**Information supplied:**
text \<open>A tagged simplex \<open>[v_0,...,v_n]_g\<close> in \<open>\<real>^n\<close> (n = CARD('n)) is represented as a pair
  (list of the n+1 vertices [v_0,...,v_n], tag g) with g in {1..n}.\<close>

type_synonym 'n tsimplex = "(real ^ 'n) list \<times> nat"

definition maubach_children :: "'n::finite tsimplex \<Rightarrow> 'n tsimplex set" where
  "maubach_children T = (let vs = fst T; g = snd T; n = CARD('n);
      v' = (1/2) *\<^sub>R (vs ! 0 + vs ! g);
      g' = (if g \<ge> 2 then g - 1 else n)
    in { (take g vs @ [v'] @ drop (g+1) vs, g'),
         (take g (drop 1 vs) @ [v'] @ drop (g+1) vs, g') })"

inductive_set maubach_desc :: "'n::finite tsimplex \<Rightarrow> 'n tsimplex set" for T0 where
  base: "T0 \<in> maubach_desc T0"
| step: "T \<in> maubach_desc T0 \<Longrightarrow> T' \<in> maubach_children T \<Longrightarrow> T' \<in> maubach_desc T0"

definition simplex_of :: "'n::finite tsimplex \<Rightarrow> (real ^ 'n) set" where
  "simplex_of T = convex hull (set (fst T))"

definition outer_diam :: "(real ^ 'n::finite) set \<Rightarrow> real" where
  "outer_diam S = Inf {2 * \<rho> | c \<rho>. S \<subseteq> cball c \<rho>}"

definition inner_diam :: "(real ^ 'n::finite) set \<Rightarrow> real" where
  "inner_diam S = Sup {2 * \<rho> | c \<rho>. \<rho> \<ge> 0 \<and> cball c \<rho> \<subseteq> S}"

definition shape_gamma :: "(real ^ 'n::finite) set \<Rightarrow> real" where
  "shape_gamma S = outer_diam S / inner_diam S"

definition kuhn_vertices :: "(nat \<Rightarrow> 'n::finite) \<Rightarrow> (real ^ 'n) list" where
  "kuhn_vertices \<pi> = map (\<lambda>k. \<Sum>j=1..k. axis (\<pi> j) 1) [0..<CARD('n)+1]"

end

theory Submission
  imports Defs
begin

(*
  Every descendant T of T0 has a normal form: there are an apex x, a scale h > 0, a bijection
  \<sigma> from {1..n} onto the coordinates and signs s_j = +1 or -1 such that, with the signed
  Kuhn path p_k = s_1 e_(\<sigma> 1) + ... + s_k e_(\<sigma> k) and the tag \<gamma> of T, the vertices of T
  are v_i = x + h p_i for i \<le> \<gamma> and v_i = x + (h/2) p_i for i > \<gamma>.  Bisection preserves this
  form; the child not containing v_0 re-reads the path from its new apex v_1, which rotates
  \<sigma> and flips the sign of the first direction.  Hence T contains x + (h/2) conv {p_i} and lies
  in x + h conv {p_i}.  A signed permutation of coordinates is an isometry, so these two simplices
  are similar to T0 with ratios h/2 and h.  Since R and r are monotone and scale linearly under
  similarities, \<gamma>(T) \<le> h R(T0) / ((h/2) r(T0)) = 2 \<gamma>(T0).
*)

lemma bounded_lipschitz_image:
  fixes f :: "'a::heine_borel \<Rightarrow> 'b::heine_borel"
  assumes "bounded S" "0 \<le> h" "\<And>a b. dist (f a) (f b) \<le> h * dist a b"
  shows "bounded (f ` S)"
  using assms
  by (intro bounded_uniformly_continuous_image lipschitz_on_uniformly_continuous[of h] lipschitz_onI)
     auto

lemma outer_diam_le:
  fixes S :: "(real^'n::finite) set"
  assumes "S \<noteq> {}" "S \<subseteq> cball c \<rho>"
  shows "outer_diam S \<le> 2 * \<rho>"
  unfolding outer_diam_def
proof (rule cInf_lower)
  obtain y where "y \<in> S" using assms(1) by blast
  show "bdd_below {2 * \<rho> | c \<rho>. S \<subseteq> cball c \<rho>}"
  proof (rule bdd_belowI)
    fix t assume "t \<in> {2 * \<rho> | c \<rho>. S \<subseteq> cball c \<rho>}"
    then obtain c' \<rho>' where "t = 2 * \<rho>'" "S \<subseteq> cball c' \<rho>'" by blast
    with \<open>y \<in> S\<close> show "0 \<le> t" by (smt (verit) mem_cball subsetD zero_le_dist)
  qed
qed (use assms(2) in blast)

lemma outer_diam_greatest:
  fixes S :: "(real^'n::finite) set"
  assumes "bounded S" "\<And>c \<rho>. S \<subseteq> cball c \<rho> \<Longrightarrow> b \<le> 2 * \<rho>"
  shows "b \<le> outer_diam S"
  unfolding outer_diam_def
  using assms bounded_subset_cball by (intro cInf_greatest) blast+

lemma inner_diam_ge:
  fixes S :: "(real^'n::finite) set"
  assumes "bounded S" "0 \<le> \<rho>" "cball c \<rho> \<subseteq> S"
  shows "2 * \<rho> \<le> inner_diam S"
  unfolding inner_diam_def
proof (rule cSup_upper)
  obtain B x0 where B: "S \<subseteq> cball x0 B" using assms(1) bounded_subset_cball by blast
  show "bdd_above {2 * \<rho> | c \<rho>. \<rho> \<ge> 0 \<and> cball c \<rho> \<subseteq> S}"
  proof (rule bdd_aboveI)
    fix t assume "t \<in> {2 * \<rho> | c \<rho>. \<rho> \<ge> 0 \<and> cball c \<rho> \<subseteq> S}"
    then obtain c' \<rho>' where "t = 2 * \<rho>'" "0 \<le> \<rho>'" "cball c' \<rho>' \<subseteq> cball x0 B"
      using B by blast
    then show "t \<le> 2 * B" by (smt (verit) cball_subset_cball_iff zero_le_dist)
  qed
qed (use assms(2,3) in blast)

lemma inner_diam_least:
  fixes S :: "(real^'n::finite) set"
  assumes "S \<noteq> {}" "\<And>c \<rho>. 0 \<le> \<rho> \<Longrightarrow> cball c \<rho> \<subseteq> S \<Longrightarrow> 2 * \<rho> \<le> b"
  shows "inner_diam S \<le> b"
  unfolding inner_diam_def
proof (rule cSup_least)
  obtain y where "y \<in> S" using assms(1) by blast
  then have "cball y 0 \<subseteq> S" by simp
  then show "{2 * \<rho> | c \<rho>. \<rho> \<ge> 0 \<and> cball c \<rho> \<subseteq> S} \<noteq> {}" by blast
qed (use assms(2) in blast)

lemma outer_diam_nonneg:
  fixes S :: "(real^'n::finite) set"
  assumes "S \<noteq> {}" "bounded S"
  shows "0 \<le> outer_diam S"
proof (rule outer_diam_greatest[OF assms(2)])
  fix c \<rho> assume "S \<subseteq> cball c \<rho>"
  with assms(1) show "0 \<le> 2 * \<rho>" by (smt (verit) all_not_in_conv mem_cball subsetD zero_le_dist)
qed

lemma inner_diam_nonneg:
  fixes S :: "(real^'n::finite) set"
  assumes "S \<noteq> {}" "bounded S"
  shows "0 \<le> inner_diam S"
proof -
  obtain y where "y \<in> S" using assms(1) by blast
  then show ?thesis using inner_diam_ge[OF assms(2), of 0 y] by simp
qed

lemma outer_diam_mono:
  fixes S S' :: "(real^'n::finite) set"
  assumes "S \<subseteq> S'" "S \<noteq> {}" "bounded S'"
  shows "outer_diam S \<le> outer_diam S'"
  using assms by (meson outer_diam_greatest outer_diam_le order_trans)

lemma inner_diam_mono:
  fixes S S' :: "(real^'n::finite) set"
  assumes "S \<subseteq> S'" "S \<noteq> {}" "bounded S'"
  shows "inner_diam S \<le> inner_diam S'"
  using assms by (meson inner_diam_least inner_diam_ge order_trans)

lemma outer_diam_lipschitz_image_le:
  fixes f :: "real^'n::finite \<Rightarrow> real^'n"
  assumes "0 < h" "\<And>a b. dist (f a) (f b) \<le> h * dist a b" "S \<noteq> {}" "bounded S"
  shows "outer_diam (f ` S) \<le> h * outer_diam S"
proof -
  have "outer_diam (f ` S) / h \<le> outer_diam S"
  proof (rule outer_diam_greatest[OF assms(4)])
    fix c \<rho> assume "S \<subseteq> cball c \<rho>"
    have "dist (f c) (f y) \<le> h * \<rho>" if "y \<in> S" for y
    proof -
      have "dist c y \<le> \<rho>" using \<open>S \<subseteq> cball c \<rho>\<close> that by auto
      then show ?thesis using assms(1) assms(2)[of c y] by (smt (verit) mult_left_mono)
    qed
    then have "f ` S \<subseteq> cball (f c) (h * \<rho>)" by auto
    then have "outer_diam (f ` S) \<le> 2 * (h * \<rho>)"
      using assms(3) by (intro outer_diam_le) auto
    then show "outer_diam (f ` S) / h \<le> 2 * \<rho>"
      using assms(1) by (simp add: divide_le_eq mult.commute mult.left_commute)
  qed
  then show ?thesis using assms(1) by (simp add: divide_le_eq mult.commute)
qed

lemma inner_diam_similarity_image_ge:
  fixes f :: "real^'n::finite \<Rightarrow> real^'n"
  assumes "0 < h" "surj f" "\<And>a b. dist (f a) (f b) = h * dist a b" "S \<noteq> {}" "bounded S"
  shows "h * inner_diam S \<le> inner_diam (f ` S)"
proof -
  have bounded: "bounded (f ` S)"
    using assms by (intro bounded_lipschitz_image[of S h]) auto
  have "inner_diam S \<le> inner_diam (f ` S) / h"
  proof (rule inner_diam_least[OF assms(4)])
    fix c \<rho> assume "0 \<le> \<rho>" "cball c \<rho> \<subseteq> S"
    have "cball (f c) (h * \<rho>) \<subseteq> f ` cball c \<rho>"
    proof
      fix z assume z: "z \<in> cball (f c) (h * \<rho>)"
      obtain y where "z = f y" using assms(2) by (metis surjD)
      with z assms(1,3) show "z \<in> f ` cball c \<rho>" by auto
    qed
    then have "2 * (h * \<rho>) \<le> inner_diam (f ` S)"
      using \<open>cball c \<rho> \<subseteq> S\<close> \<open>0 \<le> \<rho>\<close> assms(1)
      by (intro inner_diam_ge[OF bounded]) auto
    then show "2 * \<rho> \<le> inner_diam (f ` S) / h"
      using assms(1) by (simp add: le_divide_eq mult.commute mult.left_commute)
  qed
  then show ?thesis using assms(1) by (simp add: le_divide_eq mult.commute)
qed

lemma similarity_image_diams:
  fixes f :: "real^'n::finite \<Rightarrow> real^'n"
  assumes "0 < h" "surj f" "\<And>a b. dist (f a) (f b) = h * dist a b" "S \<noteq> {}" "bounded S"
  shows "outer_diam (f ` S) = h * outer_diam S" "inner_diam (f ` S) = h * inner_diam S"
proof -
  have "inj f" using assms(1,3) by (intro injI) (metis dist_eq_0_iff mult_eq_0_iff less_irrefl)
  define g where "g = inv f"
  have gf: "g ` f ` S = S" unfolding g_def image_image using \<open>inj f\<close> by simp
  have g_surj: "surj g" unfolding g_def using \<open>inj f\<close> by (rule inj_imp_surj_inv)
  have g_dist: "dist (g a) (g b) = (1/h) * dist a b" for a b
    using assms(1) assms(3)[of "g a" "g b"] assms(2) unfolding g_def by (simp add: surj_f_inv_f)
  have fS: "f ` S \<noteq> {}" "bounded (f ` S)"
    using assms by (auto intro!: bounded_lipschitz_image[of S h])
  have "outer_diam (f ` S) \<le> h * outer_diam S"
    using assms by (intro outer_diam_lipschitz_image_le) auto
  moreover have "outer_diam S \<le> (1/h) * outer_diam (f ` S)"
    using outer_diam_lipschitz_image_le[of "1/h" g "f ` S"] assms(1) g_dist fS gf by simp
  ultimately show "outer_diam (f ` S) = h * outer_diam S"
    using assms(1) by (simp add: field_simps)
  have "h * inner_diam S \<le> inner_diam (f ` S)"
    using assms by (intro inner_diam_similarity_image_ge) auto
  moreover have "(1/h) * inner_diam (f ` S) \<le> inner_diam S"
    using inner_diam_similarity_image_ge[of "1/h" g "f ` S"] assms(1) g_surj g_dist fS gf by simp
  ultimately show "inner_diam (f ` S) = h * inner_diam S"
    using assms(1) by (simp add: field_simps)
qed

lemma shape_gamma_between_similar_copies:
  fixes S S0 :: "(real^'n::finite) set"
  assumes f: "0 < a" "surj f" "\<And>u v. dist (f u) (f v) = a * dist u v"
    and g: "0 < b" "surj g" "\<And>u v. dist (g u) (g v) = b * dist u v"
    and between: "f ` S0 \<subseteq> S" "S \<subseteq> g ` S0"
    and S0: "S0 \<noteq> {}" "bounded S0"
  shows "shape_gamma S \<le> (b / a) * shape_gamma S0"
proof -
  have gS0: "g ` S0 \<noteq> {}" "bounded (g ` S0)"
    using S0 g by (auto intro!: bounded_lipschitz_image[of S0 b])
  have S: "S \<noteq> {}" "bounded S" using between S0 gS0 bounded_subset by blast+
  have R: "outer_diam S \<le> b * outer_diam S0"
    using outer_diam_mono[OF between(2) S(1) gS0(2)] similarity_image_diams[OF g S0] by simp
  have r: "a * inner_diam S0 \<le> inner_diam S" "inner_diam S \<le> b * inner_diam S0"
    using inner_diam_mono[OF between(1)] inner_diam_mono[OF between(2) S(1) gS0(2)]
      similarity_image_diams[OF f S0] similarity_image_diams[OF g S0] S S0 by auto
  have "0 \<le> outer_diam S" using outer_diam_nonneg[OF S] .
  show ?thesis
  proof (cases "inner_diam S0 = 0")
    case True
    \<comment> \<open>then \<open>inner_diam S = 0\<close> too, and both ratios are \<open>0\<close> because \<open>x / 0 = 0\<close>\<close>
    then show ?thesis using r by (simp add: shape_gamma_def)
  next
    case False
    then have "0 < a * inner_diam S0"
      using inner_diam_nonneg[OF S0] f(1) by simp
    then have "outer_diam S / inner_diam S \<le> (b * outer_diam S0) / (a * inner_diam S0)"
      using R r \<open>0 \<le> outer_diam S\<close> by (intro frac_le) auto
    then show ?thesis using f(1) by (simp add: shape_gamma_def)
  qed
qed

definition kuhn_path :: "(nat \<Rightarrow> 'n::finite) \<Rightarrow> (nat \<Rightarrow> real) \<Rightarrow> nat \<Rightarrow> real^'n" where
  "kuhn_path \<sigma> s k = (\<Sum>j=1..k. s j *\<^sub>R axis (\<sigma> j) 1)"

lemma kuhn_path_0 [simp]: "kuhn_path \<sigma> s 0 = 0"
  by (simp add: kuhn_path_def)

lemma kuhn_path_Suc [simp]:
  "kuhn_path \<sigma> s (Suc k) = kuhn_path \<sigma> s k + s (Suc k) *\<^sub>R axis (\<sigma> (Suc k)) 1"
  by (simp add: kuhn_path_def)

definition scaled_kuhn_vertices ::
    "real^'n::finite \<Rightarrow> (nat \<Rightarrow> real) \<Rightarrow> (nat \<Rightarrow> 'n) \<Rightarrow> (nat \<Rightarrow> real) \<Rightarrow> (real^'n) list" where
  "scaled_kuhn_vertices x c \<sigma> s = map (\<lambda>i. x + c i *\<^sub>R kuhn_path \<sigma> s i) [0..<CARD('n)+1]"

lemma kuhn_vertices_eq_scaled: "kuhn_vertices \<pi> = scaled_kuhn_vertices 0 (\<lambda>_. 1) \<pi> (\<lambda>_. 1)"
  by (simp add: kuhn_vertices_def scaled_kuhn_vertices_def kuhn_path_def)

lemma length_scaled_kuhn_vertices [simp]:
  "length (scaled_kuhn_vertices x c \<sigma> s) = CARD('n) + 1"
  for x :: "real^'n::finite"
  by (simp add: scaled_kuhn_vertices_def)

...

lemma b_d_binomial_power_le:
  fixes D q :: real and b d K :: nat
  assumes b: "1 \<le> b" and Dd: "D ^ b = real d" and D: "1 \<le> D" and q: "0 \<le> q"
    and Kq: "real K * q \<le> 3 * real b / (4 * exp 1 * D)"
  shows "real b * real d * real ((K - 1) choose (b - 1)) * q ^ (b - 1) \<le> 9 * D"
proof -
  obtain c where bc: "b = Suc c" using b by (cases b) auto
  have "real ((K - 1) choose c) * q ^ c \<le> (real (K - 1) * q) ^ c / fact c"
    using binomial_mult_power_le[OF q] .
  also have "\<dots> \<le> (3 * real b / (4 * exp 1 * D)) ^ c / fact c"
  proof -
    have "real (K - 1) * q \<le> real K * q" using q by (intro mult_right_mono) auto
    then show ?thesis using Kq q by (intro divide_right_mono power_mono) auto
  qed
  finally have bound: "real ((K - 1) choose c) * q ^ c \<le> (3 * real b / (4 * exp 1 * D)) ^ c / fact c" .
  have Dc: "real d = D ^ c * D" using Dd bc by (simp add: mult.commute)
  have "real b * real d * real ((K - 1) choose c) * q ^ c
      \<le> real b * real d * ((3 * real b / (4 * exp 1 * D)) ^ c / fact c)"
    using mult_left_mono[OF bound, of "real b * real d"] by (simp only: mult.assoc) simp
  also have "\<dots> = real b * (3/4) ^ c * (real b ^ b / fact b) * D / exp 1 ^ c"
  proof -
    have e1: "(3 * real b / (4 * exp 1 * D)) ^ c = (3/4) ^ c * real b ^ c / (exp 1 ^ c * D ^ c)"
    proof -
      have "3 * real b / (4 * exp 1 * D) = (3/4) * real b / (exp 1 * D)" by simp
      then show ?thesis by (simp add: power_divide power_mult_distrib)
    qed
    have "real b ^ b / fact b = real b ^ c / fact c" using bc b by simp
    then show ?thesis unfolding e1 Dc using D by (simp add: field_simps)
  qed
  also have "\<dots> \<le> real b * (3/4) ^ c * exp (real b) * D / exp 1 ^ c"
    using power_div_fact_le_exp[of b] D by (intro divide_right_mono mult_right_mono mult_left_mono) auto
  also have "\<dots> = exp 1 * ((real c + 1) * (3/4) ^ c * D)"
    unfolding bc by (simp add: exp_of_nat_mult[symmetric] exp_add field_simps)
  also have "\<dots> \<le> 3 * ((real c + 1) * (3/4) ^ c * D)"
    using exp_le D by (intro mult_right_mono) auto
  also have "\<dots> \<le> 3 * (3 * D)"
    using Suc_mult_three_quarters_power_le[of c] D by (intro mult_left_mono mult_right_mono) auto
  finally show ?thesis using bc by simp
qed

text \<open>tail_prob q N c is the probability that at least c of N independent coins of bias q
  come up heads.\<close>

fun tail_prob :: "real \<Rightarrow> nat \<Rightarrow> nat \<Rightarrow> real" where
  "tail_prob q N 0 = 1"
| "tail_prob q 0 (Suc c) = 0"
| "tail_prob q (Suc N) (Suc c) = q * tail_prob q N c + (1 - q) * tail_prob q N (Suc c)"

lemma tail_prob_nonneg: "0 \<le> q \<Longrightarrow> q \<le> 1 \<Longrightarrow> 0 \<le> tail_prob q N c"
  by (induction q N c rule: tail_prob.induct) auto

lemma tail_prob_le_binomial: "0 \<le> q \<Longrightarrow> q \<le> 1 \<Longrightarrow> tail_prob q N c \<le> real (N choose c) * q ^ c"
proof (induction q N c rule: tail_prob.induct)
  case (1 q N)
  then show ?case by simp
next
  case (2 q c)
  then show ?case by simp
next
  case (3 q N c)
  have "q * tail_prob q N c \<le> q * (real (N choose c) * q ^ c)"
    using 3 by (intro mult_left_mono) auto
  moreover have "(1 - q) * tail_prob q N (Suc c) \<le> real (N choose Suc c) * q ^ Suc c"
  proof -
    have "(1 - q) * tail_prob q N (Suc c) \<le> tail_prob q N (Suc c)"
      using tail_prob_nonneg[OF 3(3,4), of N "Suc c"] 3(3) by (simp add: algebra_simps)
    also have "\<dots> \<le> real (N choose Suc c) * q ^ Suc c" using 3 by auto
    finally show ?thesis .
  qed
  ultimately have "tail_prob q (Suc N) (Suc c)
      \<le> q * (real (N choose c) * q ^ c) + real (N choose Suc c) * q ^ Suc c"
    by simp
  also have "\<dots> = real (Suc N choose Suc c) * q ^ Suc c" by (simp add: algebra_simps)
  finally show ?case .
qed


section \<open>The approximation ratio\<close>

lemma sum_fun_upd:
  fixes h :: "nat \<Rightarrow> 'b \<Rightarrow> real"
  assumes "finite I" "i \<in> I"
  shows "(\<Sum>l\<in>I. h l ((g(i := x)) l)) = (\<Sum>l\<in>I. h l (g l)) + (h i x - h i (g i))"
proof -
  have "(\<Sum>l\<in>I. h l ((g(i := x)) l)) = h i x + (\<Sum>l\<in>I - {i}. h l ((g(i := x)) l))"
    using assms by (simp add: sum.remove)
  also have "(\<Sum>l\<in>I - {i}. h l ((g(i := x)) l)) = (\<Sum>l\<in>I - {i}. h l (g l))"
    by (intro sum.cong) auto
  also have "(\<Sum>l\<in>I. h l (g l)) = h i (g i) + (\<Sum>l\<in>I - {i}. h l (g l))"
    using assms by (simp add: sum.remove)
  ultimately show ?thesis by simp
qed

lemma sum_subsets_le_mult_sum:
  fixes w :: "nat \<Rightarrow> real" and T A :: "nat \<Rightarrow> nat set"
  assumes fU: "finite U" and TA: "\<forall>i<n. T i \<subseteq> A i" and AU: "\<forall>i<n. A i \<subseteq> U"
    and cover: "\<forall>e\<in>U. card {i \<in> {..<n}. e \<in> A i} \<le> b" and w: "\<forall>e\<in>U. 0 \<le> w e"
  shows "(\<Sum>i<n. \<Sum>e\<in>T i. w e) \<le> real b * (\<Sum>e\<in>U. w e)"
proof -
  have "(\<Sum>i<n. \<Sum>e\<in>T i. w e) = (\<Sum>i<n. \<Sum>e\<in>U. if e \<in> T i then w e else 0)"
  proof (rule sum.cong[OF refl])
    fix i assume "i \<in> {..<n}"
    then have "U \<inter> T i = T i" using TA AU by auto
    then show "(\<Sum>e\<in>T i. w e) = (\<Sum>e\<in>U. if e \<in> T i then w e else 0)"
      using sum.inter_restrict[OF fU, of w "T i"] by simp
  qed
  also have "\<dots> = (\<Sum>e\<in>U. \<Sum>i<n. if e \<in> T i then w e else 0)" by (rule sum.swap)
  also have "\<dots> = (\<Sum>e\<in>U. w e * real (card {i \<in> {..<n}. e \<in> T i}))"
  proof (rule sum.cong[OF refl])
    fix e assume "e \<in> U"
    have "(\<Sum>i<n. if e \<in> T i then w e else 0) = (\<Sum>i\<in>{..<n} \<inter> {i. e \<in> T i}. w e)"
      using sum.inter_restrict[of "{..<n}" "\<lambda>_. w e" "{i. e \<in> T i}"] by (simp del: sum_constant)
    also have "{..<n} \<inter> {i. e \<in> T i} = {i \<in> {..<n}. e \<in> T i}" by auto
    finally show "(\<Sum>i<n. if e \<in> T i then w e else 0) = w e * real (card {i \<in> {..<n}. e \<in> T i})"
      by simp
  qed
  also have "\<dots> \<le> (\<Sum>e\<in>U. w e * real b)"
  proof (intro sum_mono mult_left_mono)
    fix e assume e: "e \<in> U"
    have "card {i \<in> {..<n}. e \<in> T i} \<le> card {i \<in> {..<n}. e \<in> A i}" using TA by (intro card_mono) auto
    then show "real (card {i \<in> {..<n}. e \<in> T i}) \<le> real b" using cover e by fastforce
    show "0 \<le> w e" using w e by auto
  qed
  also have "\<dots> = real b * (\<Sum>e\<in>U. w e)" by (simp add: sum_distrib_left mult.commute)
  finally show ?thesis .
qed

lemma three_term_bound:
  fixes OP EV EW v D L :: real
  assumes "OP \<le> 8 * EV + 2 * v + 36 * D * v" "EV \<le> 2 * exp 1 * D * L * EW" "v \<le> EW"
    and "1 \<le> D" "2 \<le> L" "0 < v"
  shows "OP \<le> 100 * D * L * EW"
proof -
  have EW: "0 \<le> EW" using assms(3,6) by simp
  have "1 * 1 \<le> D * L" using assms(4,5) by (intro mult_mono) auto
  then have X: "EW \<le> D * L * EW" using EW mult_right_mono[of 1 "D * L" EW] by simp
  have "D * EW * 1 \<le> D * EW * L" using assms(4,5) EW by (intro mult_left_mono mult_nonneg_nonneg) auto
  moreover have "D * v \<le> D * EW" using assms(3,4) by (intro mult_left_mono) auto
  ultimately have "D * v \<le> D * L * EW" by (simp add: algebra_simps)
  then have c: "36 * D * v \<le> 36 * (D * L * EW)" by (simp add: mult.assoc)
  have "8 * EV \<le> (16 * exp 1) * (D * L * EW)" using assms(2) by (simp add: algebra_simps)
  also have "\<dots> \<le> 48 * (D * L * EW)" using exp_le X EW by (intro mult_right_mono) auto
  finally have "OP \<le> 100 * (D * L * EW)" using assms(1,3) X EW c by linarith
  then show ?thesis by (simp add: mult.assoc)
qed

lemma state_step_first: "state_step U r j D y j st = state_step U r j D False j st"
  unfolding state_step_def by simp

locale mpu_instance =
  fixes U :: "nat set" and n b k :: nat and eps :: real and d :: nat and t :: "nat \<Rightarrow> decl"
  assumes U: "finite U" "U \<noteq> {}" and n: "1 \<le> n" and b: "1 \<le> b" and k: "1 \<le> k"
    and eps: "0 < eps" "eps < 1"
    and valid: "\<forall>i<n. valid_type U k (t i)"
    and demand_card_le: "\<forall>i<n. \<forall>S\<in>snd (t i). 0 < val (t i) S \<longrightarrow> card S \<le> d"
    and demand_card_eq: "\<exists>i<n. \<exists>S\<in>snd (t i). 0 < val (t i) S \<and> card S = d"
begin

**What this task involves:**
Say how many lines in the records hold the string "that", and say nothing else.

**Answer:**
3